Nad sobą ujrzała taki ekscytujący widok, że aż klawiatura mnie się przez chwilę zacięła z zachwytu. Otóż widziała nad sobą jakąś szybę, a nad nią wysoooko w chuj sufit biały, ale przez światło wiszącej pod sufitem i włączonej lampy kolor wydawał się szary. Dostrzegała też, że ściany pomieszczenia, w którym się obudziła, zostały stworzone ze szkła, a z tyłu widziała fragment jakiegoś zegara w kształcie elipsy, chociaż kij wiedział czy to faktycznie elipsa. Tak wyglądał, co poradzić. Pod sobą z kolei czuła jakiś średnio wygodny materac oraz poduszkę znajdującą się tak nisko, że aż szok, normalnie jak mogło się dać na tym leżeć to ja nie wiem. Nie zdążyła się jednak dłużej nad czymkolwiek zastanowić, bowiem cóż za plot twist, szyba rozsunęła się, umożliwiając temu kasztanowi wstanie. Dlatego też Claire wstała, w końcu wypadało ruszyć swoją leniwą dupę. No co się tak patrzysz, mówię ci tylko jaka jesteś. A masz pecha, bowiem niedawno kolejny psiarz mnie wkurwił swoim brakiem mózgu, a akurat ty nawinęłaś się jako worek treningowy. :3
Aaanyway, po podniesieniu dupska z łóżka, rozejrzała się, bowiem by wypadało, rozejrzała się po miejscu, do którego trafiła. Kiedy wstała, ujrzała przed sobą, za szybą oczywiście, ten sam zegar odliczający czas do otwarcia się wyjścia ze szklanej klatki, w której została zamknięta. Znaczy my wiemy na sto procent, że ten czas to czas do otwarcia się wyjścia, wszakże znamy tę grę na wylot, ale ta parówa tylko przypuszczała. W końcu po jej lewej stronie znajdowała się jedynie szara część ściany, a za szybą, pod zegarem na ścianie, znajdowały się dwa, nieznane Claire, wąskie urządzenia. Poza tym za ścianą dostrzegła też wyłączony, wysoki monitor oraz, na prostopadłej ścianie, pionowy i metalowy pas ściany. Zaś po odwróceniu się w prawą stronę dostrzegła niewielką szafkę z kwadratową dziurą w środku. Jednak, rzeczy znajdowały się tylko na górnej części owej szafki. Stało tam półokrągłe, biało-czarne radyjko z anteną oraz czerwoną, włączoną diodą. To właśnie owo radyjko grało przyjemną dla ucha melodię. Poza tym, na samej szafce stał brązowy kubek oraz leżała podkładka z klipsem zawierająca na sobie kartkę. Pod tą samą szybą stał również kibel, któremu ktoś nie opuścił klapy, jak niekulturalnie.
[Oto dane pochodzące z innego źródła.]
lemma gauss_Id_translate_expansion:
  fixes g g' g'' :: "real \<Rightarrow> real" and \<theta> e :: "real ^ 'n::finite"
  assumes g: "\<And>y. (g has_real_derivative g' y) (at y)"
    and g': "\<And>y. (g' has_real_derivative g'' y) (at y)"
    and g_bound: "\<And>y. \<bar>g y\<bar> \<le> B" and g'_bound: "\<And>y. \<bar>g' y\<bar> \<le> B'" and g''_bound: "\<And>y. \<bar>g'' y\<bar> \<le> M"
  shows "\<bar>(\<integral>x. g (\<theta> \<bullet> x) \<partial>gauss_Id (t *\<^sub>R e)) - (\<integral>x. g (\<theta> \<bullet> x) \<partial>gauss_Id 0)
      - t * ((\<theta> \<bullet> e) * (\<integral>x. g' (\<theta> \<bullet> x) \<partial>gauss_Id 0))\<bar> \<le> M / 2 * (\<theta> \<bullet> e)\<^sup>2 * t\<^sup>2"
proof -
  have [measurable]: "g \<in> borel_measurable borel" "g' \<in> borel_measurable borel"
    using g g' by (auto intro: borel_measurable_if_has_real_derivative)
  define s where "s = t * (\<theta> \<bullet> e)"
  have int_g: "integrable (gauss_Id 0) (\<lambda>x. g (\<theta> \<bullet> x + b))" for b
    by (rule integrable_gauss_Id_bounded[where B = B]) (auto simp: g_bound)
  have int_g': "integrable (gauss_Id 0) (\<lambda>x. g' (\<theta> \<bullet> x))"
    by (rule integrable_gauss_Id_bounded[where B = B']) (auto simp: g'_bound)
  have "(\<integral>x. g (\<theta> \<bullet> x) \<partial>gauss_Id (t *\<^sub>R e)) = (\<integral>x. g (\<theta> \<bullet> x + s) \<partial>gauss_Id 0)"
    by (subst integral_gauss_Id_translate) (simp_all add: s_def inner_add_right add.commute)
  then have "(\<integral>x. g (\<theta> \<bullet> x) \<partial>gauss_Id (t *\<^sub>R e)) - (\<integral>x. g (\<theta> \<bullet> x) \<partial>gauss_Id 0)
      - t * ((\<theta> \<bullet> e) * (\<integral>x. g' (\<theta> \<bullet> x) \<partial>gauss_Id 0))
      = (\<integral>x. g (\<theta> \<bullet> x + s) - g (\<theta> \<bullet> x) - s * g' (\<theta> \<bullet> x) \<partial>gauss_Id 0)"
    using int_g[of s] int_g[of 0] int_g' by (simp add: s_def mult.assoc)
  also have "\<bar>\<dots>\<bar> \<le> (\<integral>x. M / 2 * s\<^sup>2 \<partial>gauss_Id (0 :: real ^ 'n))"
  proof (rule integral_abs_bound_integral)
    show "integrable (gauss_Id 0) (\<lambda>x. g (\<theta> \<bullet> x + s) - g (\<theta> \<bullet> x) - s * g' (\<theta> \<bullet> x))"
      using int_g[of s] int_g[of 0] int_g' by simp
    show "\<bar>g (\<theta> \<bullet> x + s) - g (\<theta> \<bullet> x) - s * g' (\<theta> \<bullet> x)\<bar> \<le> M / 2 * s\<^sup>2" for x
      using taylor_quadratic_remainder[OF g g', of "\<theta> \<bullet> x" s M] g''_bound by simp
  qed simp
  finally show ?thesis
    by (simp add: s_def power_mult_distrib mult_ac)
qed

text \<open>Differentiate \<open>t \<mapsto> \<integral>x. g (\<theta> \<bullet> x) \<partial>gauss_Id (t *\<^sub>R e)\<close> at \<open>0\<close> once through the
  translation and once through the tilted density, and compare the two first-order expansions.\<close>
lemma gaussian_integration_by_parts:
  fixes g g' g'' :: "real \<Rightarrow> real" and \<theta> e :: "real ^ 'n::finite"
  assumes g: "\<And>y. (g has_real_derivative g' y) (at y)"
    and g': "\<And>y. (g' has_real_derivative g'' y) (at y)"
    and g_bound: "\<And>y. \<bar>g y\<bar> \<le> B" and g'_bound: "\<And>y. \<bar>g' y\<bar> \<le> B'" and g''_bound: "\<And>y. \<bar>g'' y\<bar> \<le> M"
  shows "(\<integral>x. g (\<theta> \<bullet> x) * (e \<bullet> x) \<partial>gauss_Id 0) = (\<theta> \<bullet> e) * (\<integral>x. g' (\<theta> \<bullet> x) \<partial>gauss_Id 0)"
proof -
  have [measurable]: "g \<in> borel_measurable borel"
    using g by (rule borel_measurable_if_has_real_derivative)
  obtain K where tilt: "\<And>t. \<bar>t\<bar> \<le> 1 \<Longrightarrow>
      \<bar>(\<integral>x. g (\<theta> \<bullet> x) \<partial>gauss_Id (t *\<^sub>R e)) - (\<integral>x. g (\<theta> \<bullet> x) \<partial>gauss_Id 0)
        - t * (\<integral>x. g (\<theta> \<bullet> x) * (e \<bullet> x) \<partial>gauss_Id 0)\<bar> \<le> K * t\<^sup>2"
    using gauss_Id_tilt_expansion[of "\<lambda>x. g (\<theta> \<bullet> x)" B e] g_bound by auto
  let ?A = "\<integral>x. g (\<theta> \<bullet> x) * (e \<bullet> x) \<partial>gauss_Id 0"
  let ?S = "(\<theta> \<bullet> e) * (\<integral>x. g' (\<theta> \<bullet> x) \<partial>gauss_Id 0)"
  have "?A - ?S = 0"
  proof (rule eq_0_if_abs_le_quadratic)
    fix t :: real
    assume "0 < t" "t \<le> 1"
    let ?D = "(\<integral>x. g (\<theta> \<bullet> x) \<partial>gauss_Id (t *\<^sub>R e)) - (\<integral>x. g (\<theta> \<bullet> x) \<partial>gauss_Id 0)"
    have "t * (?A - ?S) = (?D - t * ?S) - (?D - t * ?A)"
      by (simp add: algebra_simps)
    then have "\<bar>t * (?A - ?S)\<bar> \<le> \<bar>?D - t * ?S\<bar> + \<bar>?D - t * ?A\<bar>"
      by (simp only: abs_triangle_ineq4)
    also have "\<dots> \<le> M / 2 * (\<theta> \<bullet> e)\<^sup>2 * t\<^sup>2 + K * t\<^sup>2"
      using gauss_Id_translate_expansion[OF g g' g_bound g'_bound g''_bound,
          where \<theta> = \<theta> and t = t and e = e] tilt[of t]
        \<open>0 < t\<close> \<open>t \<le> 1\<close> by simp
    finally show "\<bar>t * (?A - ?S)\<bar> \<le> (M / 2 * (\<theta> \<bullet> e)\<^sup>2 + K) * t\<^sup>2"
      by (simp add: distrib_right)
  qed
  then show ?thesis
    by simp
qed

lemma integrable_gauss_Id_tanh_inner [simp]: "integrable (gauss_Id \<mu>) (\<lambda>x. tanh (\<theta> \<bullet> x))"
  for \<mu> \<theta> :: "real ^ 'n::finite"
  by (rule integrable_gauss_Id_bounded[where B = 1]) (auto simp: abs_tanh_real_le_1)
Nie miała pojęcia, jak się dostała do tego miejsca i co to właściwie za miejsce. Znaczy podejrzewała, że jakiś ośrodek, pewnie badawczy, bowiem po odwróceniu się w stronę szyby, koło której stało łóżko, dostrzegła kamerę oraz jakąś szybę na ścianie, za którą znajdowało się puste pomieszczenie. Nie, serio nie przychodziła jej do pustego łba żadna hipoteza na temat tego jak mogła dostać się w owo miejsce. W końcu pamiętała, że w nocy szła spać jak grzeczny bachor w swojej melinie, którą dumnie nazywała domem i tyle. Sądziła, że jako iż piastowała rolę Mary Sue, to nic, że z dołu hierarchii, to nie istnieli ludzie, którzy chcieliby ją gdzieś zamknąć. Oczywiście my wiemy, że istnieli tacy ludzie, na przykład królowa Mary Sue na tysiąc procent nie chciałaby mieć wśród swego ludu takiego ścierwa jak ona. Już lepiej byłoby ją zastąpić psem, a każdy wie, że psy to też NadGówno. Jednak mimo to wszystko wydawało się lepsze od Claire.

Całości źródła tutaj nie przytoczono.